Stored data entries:
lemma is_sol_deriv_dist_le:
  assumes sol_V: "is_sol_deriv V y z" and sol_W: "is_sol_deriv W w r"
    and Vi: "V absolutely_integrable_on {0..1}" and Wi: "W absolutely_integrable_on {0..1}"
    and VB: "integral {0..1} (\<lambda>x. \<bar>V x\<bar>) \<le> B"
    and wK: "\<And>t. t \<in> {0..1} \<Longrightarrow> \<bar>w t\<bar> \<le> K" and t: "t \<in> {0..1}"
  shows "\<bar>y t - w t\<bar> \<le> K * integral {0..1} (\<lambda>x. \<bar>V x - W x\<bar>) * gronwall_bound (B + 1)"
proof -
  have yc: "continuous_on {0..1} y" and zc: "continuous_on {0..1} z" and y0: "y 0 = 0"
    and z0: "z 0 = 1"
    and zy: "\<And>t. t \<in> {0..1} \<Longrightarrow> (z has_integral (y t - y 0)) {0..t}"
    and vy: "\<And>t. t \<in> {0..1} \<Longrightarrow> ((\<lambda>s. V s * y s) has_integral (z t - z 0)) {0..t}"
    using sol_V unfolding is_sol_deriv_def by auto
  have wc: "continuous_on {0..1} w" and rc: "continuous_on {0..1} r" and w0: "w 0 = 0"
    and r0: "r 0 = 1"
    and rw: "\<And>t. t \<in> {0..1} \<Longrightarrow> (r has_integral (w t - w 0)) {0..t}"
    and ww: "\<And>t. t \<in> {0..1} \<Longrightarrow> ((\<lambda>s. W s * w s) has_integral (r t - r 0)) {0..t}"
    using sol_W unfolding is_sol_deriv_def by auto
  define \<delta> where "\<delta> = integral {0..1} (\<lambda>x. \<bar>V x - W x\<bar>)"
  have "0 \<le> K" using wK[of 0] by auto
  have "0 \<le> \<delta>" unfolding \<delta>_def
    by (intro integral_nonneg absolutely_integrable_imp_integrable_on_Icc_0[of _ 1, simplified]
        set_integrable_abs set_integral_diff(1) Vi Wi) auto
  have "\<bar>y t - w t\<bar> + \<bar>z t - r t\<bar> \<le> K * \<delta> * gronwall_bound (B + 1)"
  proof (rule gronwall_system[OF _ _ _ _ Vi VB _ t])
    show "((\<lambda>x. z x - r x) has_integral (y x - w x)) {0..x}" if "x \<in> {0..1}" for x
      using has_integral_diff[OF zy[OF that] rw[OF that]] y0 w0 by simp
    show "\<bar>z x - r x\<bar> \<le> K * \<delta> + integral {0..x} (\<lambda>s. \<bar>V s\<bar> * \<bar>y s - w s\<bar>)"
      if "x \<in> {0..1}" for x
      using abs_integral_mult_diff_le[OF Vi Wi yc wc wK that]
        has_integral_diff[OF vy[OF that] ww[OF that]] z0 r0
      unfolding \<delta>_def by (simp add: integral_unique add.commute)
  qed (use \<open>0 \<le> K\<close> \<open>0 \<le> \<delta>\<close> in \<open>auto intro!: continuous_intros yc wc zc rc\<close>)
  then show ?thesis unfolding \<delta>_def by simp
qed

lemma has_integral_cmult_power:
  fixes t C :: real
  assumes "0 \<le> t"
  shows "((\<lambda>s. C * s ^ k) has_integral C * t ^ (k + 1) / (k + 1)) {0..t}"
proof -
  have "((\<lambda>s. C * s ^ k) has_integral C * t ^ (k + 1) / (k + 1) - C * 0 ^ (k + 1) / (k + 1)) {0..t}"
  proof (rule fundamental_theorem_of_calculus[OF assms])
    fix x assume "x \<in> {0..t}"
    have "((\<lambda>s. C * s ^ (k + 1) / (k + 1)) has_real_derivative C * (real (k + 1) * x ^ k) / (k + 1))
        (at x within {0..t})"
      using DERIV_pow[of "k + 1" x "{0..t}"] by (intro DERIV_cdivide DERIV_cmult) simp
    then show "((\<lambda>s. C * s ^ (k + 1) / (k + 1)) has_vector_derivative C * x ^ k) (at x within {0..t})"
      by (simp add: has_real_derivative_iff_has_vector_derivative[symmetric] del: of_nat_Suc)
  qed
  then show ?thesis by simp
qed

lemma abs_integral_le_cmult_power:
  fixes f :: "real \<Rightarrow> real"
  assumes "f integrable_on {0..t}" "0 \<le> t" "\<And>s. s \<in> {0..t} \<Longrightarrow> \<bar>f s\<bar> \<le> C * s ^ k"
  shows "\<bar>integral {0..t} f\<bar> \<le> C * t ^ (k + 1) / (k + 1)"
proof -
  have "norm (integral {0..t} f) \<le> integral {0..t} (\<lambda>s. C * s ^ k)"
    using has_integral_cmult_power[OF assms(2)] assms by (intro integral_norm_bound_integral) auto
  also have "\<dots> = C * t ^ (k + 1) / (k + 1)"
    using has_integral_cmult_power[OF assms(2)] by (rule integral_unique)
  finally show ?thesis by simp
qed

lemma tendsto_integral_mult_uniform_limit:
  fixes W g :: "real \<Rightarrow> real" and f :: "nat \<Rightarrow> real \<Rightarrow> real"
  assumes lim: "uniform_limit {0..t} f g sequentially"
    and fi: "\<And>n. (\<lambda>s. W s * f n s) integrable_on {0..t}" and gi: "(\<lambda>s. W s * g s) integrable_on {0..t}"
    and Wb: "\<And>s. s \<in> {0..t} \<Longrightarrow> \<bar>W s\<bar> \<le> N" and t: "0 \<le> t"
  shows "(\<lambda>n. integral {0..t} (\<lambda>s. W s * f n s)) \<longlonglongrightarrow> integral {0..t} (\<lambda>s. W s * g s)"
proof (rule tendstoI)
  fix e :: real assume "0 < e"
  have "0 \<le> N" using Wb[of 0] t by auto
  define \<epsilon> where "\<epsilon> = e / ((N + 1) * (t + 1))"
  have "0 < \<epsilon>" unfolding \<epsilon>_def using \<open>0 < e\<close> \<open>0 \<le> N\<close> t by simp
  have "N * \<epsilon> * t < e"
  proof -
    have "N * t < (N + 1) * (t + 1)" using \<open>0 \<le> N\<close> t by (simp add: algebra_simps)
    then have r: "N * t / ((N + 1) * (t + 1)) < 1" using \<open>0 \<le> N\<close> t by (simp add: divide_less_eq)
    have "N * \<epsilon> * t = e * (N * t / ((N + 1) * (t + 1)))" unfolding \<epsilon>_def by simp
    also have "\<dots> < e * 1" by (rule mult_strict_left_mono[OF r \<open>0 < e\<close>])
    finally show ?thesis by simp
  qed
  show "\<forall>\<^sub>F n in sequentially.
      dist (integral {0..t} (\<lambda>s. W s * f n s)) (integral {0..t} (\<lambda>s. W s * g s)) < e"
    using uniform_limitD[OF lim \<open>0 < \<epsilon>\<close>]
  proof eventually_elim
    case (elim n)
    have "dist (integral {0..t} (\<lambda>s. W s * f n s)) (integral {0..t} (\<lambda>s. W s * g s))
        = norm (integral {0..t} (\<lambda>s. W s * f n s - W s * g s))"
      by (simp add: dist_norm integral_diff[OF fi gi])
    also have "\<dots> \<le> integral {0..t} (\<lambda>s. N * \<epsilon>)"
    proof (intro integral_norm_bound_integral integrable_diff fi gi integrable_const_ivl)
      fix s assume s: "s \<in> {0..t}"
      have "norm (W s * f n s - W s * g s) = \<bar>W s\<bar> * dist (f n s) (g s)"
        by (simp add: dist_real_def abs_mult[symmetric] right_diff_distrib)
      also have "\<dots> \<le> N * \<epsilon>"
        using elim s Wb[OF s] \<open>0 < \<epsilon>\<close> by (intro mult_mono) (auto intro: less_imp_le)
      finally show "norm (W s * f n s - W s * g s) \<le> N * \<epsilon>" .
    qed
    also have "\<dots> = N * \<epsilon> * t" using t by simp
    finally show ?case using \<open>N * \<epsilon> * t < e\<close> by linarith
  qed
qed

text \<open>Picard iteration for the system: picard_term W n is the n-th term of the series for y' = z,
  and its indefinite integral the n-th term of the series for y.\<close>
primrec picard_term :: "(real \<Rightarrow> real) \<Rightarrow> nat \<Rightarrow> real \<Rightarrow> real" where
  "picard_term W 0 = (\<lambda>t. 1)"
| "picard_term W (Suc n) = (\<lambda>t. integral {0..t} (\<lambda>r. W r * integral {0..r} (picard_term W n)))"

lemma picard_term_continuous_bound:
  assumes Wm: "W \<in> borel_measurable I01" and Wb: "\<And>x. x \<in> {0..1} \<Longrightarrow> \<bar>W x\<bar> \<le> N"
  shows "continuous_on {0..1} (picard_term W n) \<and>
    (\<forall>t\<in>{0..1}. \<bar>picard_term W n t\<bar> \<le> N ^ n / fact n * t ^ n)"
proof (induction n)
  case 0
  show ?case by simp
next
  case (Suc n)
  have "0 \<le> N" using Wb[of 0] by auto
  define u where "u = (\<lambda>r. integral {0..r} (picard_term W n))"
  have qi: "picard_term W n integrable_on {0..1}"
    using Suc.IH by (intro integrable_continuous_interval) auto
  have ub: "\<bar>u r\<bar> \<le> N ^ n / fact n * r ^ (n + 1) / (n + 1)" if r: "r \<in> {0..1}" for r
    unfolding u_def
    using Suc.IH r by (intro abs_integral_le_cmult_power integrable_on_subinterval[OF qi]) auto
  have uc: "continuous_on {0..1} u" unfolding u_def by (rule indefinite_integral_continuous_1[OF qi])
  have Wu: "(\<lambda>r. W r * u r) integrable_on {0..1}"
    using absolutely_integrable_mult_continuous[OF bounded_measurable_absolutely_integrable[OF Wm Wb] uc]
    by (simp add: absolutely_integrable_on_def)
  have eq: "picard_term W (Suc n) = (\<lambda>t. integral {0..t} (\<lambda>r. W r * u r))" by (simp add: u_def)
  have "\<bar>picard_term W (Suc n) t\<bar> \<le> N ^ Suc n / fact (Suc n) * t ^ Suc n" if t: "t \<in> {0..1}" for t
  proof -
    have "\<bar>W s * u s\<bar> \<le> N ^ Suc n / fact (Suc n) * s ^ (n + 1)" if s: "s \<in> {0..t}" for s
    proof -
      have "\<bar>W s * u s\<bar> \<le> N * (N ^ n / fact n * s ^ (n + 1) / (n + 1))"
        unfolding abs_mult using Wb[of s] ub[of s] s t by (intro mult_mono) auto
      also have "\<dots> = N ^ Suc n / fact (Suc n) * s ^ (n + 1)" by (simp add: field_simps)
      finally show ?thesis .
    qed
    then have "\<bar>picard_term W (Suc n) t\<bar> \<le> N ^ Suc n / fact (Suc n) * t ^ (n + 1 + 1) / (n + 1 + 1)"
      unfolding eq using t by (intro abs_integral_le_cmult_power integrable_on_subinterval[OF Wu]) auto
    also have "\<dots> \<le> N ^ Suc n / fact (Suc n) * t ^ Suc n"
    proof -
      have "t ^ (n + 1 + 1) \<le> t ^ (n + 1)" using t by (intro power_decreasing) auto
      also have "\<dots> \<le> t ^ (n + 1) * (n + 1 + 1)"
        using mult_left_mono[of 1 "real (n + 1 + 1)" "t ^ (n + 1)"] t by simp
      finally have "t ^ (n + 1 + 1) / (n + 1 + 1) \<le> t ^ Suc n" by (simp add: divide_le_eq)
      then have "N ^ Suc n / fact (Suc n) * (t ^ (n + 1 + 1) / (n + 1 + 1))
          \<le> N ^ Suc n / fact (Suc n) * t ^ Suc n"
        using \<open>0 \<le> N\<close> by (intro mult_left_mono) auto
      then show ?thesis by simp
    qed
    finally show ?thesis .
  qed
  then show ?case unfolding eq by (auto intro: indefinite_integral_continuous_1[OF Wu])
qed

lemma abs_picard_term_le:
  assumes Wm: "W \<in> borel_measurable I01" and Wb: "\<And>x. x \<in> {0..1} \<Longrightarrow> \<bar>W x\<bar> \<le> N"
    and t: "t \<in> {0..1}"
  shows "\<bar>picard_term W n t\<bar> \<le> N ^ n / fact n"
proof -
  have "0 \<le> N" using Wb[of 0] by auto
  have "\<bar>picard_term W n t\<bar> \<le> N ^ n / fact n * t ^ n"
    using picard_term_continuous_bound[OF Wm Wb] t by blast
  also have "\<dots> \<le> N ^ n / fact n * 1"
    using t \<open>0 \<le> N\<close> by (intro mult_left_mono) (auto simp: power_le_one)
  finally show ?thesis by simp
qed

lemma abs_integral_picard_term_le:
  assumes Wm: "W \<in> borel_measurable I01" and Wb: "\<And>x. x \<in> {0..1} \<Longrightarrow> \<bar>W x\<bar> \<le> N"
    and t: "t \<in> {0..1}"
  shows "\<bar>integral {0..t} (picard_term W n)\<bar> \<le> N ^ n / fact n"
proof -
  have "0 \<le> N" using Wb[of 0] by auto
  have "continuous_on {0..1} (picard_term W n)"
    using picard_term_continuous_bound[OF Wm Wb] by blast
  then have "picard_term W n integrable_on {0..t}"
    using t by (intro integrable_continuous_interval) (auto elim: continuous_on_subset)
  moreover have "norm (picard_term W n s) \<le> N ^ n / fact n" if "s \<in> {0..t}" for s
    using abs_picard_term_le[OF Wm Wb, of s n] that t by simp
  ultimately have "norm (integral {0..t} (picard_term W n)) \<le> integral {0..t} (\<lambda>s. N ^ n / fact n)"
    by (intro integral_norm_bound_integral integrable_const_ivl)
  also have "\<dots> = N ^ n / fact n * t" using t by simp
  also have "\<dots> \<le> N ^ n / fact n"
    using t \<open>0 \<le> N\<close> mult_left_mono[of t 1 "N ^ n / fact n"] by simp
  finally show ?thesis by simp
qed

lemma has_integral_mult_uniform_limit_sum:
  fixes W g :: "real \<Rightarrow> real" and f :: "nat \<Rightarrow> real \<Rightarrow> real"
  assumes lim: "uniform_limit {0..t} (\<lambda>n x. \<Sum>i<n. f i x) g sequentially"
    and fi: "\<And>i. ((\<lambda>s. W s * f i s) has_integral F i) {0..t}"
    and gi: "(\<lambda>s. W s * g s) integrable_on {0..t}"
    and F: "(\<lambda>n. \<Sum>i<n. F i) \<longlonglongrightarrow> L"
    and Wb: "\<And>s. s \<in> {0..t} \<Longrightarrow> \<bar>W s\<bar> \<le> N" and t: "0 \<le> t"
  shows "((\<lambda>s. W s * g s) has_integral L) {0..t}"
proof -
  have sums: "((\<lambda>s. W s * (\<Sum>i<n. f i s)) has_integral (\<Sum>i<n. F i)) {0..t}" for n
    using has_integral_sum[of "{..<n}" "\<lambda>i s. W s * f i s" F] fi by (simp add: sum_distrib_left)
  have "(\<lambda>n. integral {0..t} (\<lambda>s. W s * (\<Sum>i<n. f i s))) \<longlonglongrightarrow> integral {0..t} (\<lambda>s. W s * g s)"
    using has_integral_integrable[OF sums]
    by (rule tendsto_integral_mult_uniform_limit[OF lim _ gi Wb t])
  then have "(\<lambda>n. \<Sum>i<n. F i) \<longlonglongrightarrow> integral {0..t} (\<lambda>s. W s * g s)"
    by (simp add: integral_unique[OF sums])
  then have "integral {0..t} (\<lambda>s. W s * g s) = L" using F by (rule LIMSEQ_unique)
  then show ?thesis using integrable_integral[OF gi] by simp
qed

> **What is expected**
Your answer must be the lines from the first line of the entries above through the line that contains "unfolding \<delta>_def by (simp", written out exactly.

> **Answer space**
lemma is_sol_deriv_dist_le:
  assumes sol_V: "is_sol_deriv V y z" and sol_W: "is_sol_deriv W w r"
    and Vi: "V absolutely_integrable_on {0..1}" and Wi: "W absolutely_integrable_on {0..1}"
    and VB: "integral {0..1} (\<lambda>x. \<bar>V x\<bar>) \<le> B"
    and wK: "\<And>t. t \<in> {0..1} \<Longrightarrow> \<bar>w t\<bar> \<le> K" and t: "t \<in> {0..1}"
  shows "\<bar>y t - w t\<bar> \<le> K * integral {0..1} (\<lambda>x. \<bar>V x - W x\<bar>) * gronwall_bound (B + 1)"
proof -
  have yc: "continuous_on {0..1} y" and zc: "continuous_on {0..1} z" and y0: "y 0 = 0"
    and z0: "z 0 = 1"
    and zy: "\<And>t. t \<in> {0..1} \<Longrightarrow> (z has_integral (y t - y 0)) {0..t}"
    and vy: "\<And>t. t \<in> {0..1} \<Longrightarrow> ((\<lambda>s. V s * y s) has_integral (z t - z 0)) {0..t}"
    using sol_V unfolding is_sol_deriv_def by auto
  have wc: "continuous_on {0..1} w" and rc: "continuous_on {0..1} r" and w0: "w 0 = 0"
    and r0: "r 0 = 1"
    and rw: "\<And>t. t \<in> {0..1} \<Longrightarrow> (r has_integral (w t - w 0)) {0..t}"
    and ww: "\<And>t. t \<in> {0..1} \<Longrightarrow> ((\<lambda>s. W s * w s) has_integral (r t - r 0)) {0..t}"
    using sol_W unfolding is_sol_deriv_def by auto
  define \<delta> where "\<delta> = integral {0..1} (\<lambda>x. \<bar>V x - W x\<bar>)"
  have "0 \<le> K" using wK[of 0] by auto
  have "0 \<le> \<delta>" unfolding \<delta>_def
    by (intro integral_nonneg absolutely_integrable_imp_integrable_on_Icc_0[of _ 1, simplified]
        set_integrable_abs set_integral_diff(1) Vi Wi) auto
  have "\<bar>y t - w t\<bar> + \<bar>z t - r t\<bar> \<le> K * \<delta> * gronwall_bound (B + 1)"
  proof (rule gronwall_system[OF _ _ _ _ Vi VB _ t])
    show "((\<lambda>x. z x - r x) has_integral (y x - w x)) {0..x}" if "x \<in> {0..1}" for x
      using has_integral_diff[OF zy[OF that] rw[OF that]] y0 w0 by simp
    show "\<bar>z x - r x\<bar> \<le> K * \<delta> + integral {0..x} (\<lambda>s. \<bar>V s\<bar> * \<bar>y s - w s\<bar>)"
      if "x \<in> {0..1}" for x
      using abs_integral_mult_diff_le[OF Vi Wi yc wc wK that]
        has_integral_diff[OF vy[OF that] ww[OF that]] z0 r0
      unfolding \<delta>_def by (simp add: integral_unique add.commute)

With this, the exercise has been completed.